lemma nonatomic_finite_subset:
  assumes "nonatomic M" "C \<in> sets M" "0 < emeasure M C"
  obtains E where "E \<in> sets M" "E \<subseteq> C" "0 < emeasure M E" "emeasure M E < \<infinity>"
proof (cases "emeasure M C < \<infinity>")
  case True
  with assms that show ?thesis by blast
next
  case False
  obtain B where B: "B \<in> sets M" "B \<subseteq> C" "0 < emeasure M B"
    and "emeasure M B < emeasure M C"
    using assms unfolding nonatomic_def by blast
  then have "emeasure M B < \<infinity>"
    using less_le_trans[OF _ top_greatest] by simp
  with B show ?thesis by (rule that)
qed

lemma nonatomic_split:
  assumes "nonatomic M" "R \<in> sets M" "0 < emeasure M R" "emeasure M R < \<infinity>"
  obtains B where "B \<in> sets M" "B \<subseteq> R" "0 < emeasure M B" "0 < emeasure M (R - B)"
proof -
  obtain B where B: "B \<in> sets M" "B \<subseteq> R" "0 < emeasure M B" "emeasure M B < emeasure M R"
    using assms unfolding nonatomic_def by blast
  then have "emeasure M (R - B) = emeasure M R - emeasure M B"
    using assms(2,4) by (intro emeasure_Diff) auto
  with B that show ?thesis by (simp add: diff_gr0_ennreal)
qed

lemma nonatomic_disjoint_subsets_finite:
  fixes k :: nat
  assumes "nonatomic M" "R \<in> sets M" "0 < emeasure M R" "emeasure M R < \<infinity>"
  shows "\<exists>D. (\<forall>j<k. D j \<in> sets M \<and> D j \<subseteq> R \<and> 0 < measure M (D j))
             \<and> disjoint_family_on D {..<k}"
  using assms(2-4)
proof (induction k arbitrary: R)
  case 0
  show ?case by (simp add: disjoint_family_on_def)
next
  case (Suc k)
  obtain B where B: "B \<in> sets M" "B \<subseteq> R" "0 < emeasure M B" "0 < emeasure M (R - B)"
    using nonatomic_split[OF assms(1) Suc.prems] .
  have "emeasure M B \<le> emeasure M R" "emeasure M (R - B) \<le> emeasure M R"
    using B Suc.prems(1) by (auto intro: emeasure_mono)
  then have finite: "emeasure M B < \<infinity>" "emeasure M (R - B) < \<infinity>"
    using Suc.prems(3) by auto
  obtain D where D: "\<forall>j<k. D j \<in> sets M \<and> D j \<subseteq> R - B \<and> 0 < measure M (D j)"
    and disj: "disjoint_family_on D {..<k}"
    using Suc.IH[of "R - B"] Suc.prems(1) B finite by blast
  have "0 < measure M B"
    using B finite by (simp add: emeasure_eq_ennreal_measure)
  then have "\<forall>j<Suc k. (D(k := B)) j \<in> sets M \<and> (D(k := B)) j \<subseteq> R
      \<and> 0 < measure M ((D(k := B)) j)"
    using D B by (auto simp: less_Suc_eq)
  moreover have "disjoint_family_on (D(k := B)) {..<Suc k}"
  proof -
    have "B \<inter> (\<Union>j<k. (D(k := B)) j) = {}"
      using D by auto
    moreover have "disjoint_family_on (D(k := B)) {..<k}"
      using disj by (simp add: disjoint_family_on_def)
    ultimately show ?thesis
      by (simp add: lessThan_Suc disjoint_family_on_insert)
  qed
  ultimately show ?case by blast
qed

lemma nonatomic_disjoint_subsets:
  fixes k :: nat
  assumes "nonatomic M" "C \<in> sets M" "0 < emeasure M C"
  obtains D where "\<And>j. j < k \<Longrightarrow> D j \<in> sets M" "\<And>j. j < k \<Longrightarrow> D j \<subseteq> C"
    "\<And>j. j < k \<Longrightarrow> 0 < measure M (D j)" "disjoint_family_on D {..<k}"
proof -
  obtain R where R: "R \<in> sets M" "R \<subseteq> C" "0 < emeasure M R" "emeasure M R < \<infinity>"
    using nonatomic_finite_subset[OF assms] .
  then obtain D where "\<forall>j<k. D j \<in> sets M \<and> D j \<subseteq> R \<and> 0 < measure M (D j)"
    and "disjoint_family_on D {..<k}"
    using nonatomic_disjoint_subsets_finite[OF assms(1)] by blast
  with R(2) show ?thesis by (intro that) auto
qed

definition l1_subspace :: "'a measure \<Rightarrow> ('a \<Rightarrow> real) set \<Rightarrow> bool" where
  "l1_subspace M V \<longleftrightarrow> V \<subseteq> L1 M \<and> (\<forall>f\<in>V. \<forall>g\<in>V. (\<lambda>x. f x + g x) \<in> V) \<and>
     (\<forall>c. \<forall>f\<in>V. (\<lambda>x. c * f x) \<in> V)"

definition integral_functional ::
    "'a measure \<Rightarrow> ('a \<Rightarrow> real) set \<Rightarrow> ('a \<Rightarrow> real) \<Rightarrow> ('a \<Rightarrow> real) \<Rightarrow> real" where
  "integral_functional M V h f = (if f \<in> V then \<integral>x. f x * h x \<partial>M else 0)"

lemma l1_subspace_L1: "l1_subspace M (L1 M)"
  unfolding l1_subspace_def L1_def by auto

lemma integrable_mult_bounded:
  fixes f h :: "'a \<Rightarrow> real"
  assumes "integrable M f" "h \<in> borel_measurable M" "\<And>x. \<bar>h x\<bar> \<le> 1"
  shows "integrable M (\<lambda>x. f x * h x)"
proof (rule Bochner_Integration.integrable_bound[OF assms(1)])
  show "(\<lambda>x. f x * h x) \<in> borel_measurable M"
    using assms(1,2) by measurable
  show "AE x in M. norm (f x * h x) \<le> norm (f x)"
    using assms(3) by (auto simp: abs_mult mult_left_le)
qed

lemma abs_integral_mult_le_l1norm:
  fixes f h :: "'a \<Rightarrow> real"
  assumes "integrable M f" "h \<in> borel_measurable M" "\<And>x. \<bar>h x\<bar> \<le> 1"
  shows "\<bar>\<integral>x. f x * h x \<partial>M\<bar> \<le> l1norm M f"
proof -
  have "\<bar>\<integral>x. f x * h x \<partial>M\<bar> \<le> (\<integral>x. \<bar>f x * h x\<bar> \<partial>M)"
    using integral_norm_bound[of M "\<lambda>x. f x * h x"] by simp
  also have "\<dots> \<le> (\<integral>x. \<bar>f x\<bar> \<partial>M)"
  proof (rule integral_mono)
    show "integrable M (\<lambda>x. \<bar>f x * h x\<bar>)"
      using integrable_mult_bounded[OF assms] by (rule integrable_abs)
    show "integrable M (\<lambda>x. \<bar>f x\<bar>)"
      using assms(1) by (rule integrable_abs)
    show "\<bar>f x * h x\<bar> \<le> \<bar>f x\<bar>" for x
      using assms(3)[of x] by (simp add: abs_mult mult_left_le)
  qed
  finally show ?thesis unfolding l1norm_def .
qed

****

[What is expected] Your reply must repeat the records above exactly and in full.

[Response to the exercise]
lemma nonatomic_finite_subset:
  assumes "nonatomic M" "C \<in> sets M" "0 < emeasure M C"
  obtains E where "E \<in> sets M" "E \<subseteq> C" "0 < emeasure M E" "emeasure M E < \<infinity>"
proof (cases "emeasure M C < \<infinity>")
  case True
  with assms that show ?thesis by blast
next
  case False
  obtain B where B: "B \<in> sets M" "B \<subseteq> C" "0 < emeasure M B"
    and "emeasure M B < emeasure M C"
    using assms unfolding nonatomic_def by blast
  then have "emeasure M B < \<infinity>"
    using less_le_trans[OF _ top_greatest] by simp
  with B show ?thesis by (rule that)
qed

lemma nonatomic_split:
  assumes "nonatomic M" "R \<in> sets M" "0 < emeasure M R" "emeasure M R < \<infinity>"
  obtains B where "B \<in> sets M" "B \<subseteq> R" "0 < emeasure M B" "0 < emeasure M (R - B)"
proof -
  obtain B where B: "B \<in> sets M" "B \<subseteq> R" "0 < emeasure M B" "emeasure M B < emeasure M R"
    using assms unfolding nonatomic_def by blast
  then have "emeasure M (R - B) = emeasure M R - emeasure M B"
    using assms(2,4) by (intro emeasure_Diff) auto
  with B that show ?thesis by (simp add: diff_gr0_ennreal)
qed

lemma nonatomic_disjoint_subsets_finite:
  fixes k :: nat
  assumes "nonatomic M" "R \<in> sets M" "0 < emeasure M R" "emeasure M R < \<infinity>"
  shows "\<exists>D. (\<forall>j<k. D j \<in> sets M \<and> D j \<subseteq> R \<and> 0 < measure M (D j))
             \<and> disjoint_family_on D {..<k}"
  using assms(2-4)
proof (induction k arbitrary: R)
  case 0
  show ?case by (simp add: disjoint_family_on_def)
next
  case (Suc k)
  obtain B where B: "B \<in> sets M" "B \<subseteq> R" "0 < emeasure M B" "0 < emeasure M (R - B)"
    using nonatomic_split[OF assms(1) Suc.prems] .
  have "emeasure M B \<le> emeasure M R" "emeasure M (R - B) \<le> emeasure M R"
    using B Suc.prems(1) by (auto intro: emeasure_mono)
  then have finite: "emeasure M B < \<infinity>" "emeasure M (R - B) < \<infinity>"
    using Suc.prems(3) by auto
  obtain D where D: "\<forall>j<k. D j \<in> sets M \<and> D j \<subseteq> R - B \<and> 0 < measure M (D j)"
    and disj: "disjoint_family_on D {..<k}"
    using Suc.IH[of "R - B"] Suc.prems(1) B finite by blast
  have "0 < measure M B"
    using B finite by (simp add: emeasure_eq_ennreal_measure)
  then have "\<forall>j<Suc k. (D(k := B)) j \<in> sets M \<and> (D(k := B)) j \<subseteq> R
      \<and> 0 < measure M ((D(k := B)) j)"
    using D B by (auto simp: less_Suc_eq)
  moreover have "disjoint_family_on (D(k := B)) {..<Suc k}"
  proof -
    have "B \<inter> (\<Union>j<k. (D(k := B)) j) = {}"
      using D by auto
    moreover have "disjoint_family_on (D(k := B)) {..<k}"
      using disj by (simp add: disjoint_family_on_def)
    ultimately show ?thesis
      by (simp add: lessThan_Suc disjoint_family_on_insert)
  qed
  ultimately show ?case by blast
qed

lemma nonatomic_disjoint_subsets:
  fixes k :: nat
  assumes "nonatomic M" "C \<in> sets M" "0 < emeasure M C"
  obtains D where "\<And>j. j < k \<Longrightarrow> D j \<in> sets M" "\<And>j. j < k \<Longrightarrow> D j \<subseteq> C"
    "\<And>j. j < k \<Longrightarrow> 0 < measure M (D j)" "disjoint_family_on D {..<k}"
proof -
  obtain R where R: "R \<in> sets M" "R \<subseteq> C" "0 < emeasure M R" "emeasure M R < \<infinity>"
    using nonatomic_finite_subset[OF assms] .
  then obtain D where "\<forall>j<k. D j \<in> sets M \<and> D j \<subseteq> R \<and> 0 < measure M (D j)"
    and "disjoint_family_on D {..<k}"
    using nonatomic_disjoint_subsets_finite[OF assms(1)] by blast
  with R(2) show ?thesis by (intro that) auto
qed

definition l1_subspace :: "'a measure \<Rightarrow> ('a \<Rightarrow> real) set \<Rightarrow> bool" where
  "l1_subspace M V \<longleftrightarrow> V \<subseteq> L1 M \<and> (\<forall>f\<in>V. \<forall>g\<in>V. (\<lambda>x. f x + g x) \<in> V) \<and>
     (\<forall>c. \<forall>f\<in>V. (\<lambda>x. c * f x) \<in> V)"

definition integral_functional ::
    "'a measure \<Rightarrow> ('a \<Rightarrow> real) set \<Rightarrow> ('a \<Rightarrow> real) \<Rightarrow> ('a \<Rightarrow> real) \<Rightarrow> real" where
  "integral_functional M V h f = (if f \<in> V then \<integral>x. f x * h x \<partial>M else 0)"

lemma l1_subspace_L1: "l1_subspace M (L1 M)"
  unfolding l1_subspace_def L1_def by auto

lemma integrable_mult_bounded:
  fixes f h :: "'a \<Rightarrow> real"
  assumes "integrable M f" "h \<in> borel_measurable M" "\<And>x. \<bar>h x\<bar> \<le> 1"
  shows "integrable M (\<lambda>x. f x * h x)"
proof (rule Bochner_Integration.integrable_bound[OF assms(1)])
  show "(\<lambda>x. f x * h x) \<in> borel_measurable M"
    using assms(1,2) by measurable
  show "AE x in M. norm (f x * h x) \<le> norm (f x)"
    using assms(3) by (auto simp: abs_mult mult_left_le)
qed

lemma abs_integral_mult_le_l1norm:
  fixes f h :: "'a \<Rightarrow> real"
  assumes "integrable M f" "h \<in> borel_measurable M" "\<And>x. \<bar>h x\<bar> \<le> 1"
  shows "\<bar>\<integral>x. f x * h x \<partial>M\<bar> \<le> l1norm M f"
proof -
  have "\<bar>\<integral>x. f x * h x \<partial>M\<bar> \<le> (\<integral>x. \<bar>f x * h x\<bar> \<partial>M)"
    using integral_norm_bound[of M "\<lambda>x. f x * h x"] by simp
  also have "\<dots> \<le> (\<integral>x. \<bar>f x\<bar> \<partial>M)"
  proof (rule integral_mono)
    show "integrable M (\<lambda>x. \<bar>f x * h x\<bar>)"
      using integrable_mult_bounded[OF assms] by (rule integrable_abs)
    show "integrable M (\<lambda>x. \<bar>f x\<bar>)"
      using assms(1) by (rule integrable_abs)
    show "\<bar>f x * h x\<bar> \<le> \<bar>f x\<bar>" for x
      using assms(3)[of x] by (simp add: abs_mult mult_left_le)
  qed
  finally show ?thesis unfolding l1norm_def .
qed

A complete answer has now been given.